Up to and including the line with "a, b). (a @ [k], b", restate the records below word for word, beginning with their first line.

[Entries shown Boundary: Start]

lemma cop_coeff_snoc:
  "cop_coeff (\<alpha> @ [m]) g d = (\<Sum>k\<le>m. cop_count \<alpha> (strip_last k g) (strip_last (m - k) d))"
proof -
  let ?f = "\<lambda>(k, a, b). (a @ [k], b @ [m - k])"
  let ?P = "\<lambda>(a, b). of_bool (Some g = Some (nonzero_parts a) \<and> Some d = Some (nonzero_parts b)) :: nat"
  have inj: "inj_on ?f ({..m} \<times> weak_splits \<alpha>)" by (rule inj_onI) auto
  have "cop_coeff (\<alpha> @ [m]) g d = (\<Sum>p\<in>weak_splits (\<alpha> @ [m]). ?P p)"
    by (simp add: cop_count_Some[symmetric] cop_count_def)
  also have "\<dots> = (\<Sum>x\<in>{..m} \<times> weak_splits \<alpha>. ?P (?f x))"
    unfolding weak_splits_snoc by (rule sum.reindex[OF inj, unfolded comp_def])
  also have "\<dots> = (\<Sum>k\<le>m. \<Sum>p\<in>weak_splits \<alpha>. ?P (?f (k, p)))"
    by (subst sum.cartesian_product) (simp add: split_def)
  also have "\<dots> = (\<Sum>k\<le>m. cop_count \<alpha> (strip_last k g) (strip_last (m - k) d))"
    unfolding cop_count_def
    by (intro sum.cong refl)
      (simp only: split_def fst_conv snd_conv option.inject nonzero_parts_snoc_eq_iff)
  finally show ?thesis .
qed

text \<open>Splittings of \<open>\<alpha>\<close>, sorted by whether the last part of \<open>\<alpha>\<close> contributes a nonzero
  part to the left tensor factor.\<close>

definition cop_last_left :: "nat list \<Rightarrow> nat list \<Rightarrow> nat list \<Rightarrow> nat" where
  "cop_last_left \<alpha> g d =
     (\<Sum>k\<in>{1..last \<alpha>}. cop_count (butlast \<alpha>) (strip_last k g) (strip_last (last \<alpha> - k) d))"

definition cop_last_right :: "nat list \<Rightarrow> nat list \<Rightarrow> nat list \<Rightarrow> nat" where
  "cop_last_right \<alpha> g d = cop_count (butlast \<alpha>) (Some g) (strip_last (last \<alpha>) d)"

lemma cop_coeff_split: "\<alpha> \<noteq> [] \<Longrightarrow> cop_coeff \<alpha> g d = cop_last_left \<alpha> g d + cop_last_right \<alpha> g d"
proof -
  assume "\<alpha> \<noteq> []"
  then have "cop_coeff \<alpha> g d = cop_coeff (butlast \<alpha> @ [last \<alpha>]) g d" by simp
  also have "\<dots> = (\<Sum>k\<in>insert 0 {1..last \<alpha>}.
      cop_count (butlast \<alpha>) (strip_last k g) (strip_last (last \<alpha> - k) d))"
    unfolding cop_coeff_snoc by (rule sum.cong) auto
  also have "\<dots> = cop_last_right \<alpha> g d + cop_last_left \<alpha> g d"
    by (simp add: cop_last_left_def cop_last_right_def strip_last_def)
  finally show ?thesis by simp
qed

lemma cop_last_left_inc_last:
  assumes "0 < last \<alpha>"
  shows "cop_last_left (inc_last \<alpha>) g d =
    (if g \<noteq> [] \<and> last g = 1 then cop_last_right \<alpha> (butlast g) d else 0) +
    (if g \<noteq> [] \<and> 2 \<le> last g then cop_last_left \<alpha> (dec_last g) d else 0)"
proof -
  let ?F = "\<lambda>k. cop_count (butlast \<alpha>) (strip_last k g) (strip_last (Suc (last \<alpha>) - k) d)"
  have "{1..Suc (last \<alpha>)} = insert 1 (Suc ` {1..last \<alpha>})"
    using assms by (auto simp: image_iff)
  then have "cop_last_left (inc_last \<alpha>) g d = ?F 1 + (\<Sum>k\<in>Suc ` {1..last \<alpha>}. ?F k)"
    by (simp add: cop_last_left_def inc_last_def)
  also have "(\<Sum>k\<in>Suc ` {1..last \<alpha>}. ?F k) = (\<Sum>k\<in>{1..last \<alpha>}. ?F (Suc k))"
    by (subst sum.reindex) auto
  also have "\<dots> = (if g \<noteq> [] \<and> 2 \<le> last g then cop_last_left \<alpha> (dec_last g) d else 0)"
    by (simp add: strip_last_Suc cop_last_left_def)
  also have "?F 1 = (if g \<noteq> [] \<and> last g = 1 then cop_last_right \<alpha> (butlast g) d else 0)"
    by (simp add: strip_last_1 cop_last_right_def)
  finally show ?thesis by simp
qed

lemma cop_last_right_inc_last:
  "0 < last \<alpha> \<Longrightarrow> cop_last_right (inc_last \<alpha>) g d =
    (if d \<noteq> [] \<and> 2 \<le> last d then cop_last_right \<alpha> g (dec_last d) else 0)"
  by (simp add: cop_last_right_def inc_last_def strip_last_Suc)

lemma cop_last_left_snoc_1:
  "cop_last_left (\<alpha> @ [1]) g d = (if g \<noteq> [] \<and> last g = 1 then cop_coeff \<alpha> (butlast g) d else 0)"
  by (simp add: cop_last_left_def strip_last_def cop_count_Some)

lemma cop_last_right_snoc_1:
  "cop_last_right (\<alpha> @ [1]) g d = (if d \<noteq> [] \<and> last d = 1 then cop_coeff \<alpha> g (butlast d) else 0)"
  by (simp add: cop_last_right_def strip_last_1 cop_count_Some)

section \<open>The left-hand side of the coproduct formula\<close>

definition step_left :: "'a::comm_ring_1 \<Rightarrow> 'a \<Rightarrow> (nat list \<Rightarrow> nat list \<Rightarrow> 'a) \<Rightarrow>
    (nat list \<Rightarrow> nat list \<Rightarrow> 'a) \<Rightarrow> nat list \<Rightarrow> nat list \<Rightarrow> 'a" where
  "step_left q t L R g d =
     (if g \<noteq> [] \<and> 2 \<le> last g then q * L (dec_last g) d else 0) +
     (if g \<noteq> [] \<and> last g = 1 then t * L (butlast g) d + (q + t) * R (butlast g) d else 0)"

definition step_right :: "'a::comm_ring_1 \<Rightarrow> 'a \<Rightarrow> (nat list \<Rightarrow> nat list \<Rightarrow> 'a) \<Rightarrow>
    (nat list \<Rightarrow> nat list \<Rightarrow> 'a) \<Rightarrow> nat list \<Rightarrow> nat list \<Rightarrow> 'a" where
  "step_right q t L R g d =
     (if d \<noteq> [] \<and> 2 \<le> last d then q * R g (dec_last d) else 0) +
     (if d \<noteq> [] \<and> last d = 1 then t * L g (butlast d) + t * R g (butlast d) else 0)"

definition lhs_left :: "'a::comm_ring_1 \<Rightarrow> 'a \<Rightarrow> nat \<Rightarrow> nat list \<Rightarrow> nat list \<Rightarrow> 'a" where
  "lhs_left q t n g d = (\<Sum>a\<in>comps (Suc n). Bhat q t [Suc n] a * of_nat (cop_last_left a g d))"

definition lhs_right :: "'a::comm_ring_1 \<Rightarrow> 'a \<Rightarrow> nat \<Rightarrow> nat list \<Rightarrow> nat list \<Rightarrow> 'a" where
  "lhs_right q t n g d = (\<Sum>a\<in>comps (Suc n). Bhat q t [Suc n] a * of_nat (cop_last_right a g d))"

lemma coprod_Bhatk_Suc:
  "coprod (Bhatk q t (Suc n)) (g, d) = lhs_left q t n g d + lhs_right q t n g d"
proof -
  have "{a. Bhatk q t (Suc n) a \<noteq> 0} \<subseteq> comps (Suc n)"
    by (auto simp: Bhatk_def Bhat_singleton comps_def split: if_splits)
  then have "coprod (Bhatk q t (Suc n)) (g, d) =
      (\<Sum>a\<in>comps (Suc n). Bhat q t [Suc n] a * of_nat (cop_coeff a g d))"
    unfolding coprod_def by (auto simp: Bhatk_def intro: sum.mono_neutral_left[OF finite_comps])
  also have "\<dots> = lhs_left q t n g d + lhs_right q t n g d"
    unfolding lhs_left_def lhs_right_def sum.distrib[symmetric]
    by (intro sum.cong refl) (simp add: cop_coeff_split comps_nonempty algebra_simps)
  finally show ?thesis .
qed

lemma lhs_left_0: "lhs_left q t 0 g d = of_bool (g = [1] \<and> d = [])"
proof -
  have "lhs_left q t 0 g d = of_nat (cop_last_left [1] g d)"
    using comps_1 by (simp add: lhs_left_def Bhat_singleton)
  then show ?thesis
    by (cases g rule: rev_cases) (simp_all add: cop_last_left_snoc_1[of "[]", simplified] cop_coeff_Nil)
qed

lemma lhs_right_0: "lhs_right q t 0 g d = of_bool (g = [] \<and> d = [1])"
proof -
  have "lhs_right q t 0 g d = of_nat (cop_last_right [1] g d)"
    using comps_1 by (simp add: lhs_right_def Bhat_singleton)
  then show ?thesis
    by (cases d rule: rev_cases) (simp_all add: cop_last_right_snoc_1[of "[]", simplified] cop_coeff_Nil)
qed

[Entries shown Boundary: End]

Written answer
lemma cop_coeff_snoc:
  "cop_coeff (\<alpha> @ [m]) g d = (\<Sum>k\<le>m. cop_count \<alpha> (strip_last k g) (strip_last (m - k) d))"
proof -
  let ?f = "\<lambda>(k, a, b). (a @ [k], b @ [m - k])"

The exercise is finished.